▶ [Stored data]
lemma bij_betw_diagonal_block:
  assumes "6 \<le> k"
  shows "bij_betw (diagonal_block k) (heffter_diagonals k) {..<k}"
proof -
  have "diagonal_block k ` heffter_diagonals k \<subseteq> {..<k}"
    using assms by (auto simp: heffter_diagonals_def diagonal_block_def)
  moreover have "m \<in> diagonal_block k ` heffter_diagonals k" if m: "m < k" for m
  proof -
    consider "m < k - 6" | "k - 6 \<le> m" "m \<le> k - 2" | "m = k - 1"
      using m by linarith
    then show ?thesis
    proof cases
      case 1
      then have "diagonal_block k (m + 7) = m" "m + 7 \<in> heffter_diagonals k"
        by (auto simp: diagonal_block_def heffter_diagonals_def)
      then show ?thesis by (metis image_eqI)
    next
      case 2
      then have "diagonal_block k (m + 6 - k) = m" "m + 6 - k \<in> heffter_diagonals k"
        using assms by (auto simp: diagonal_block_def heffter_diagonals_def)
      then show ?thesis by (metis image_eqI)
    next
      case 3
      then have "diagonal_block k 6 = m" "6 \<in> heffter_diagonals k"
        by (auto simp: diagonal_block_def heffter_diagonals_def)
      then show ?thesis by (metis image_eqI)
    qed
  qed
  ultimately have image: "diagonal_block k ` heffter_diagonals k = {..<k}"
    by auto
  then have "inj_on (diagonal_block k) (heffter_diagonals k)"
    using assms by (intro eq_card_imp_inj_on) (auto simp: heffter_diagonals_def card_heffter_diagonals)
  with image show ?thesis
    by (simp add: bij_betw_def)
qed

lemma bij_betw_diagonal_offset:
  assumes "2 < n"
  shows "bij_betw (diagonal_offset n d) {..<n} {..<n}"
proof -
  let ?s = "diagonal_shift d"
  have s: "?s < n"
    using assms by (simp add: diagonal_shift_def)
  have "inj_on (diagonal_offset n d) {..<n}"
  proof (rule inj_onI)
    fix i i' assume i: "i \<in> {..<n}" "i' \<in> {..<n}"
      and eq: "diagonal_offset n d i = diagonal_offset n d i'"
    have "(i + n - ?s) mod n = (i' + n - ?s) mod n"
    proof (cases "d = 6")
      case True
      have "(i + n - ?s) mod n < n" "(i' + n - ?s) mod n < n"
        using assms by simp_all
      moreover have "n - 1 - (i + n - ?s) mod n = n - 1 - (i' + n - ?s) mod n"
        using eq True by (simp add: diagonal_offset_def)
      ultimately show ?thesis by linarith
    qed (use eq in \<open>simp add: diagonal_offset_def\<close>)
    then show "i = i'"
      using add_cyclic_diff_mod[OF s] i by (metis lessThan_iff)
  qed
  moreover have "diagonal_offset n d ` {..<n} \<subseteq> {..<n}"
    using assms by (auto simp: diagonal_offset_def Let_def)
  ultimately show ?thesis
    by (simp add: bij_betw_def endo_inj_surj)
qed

▶ [About this exercise] All lines from the opening of the records through the line where "k \<in> heffter_diagonals" occurs are to be output verbatim. No other line belongs in the answer.

▶ [Finished task]
lemma bij_betw_diagonal_block:
  assumes "6 \<le> k"
  shows "bij_betw (diagonal_block k) (heffter_diagonals k) {..<k}"
proof -
  have "diagonal_block k ` heffter_diagonals k \<subseteq> {..<k}"
    using assms by (auto simp: heffter_diagonals_def diagonal_block_def)
  moreover have "m \<in> diagonal_block k ` heffter_diagonals k" if m: "m < k" for m
  proof -
    consider "m < k - 6" | "k - 6 \<le> m" "m \<le> k - 2" | "m = k - 1"
      using m by linarith
    then show ?thesis
    proof cases
      case 1
      then have "diagonal_block k (m + 7) = m" "m + 7 \<in> heffter_diagonals k"
        by (auto simp: diagonal_block_def heffter_diagonals_def)
      then show ?thesis by (metis image_eqI)
    next
      case 2
      then have "diagonal_block k (m + 6 - k) = m" "m + 6 - k \<in> heffter_diagonals k"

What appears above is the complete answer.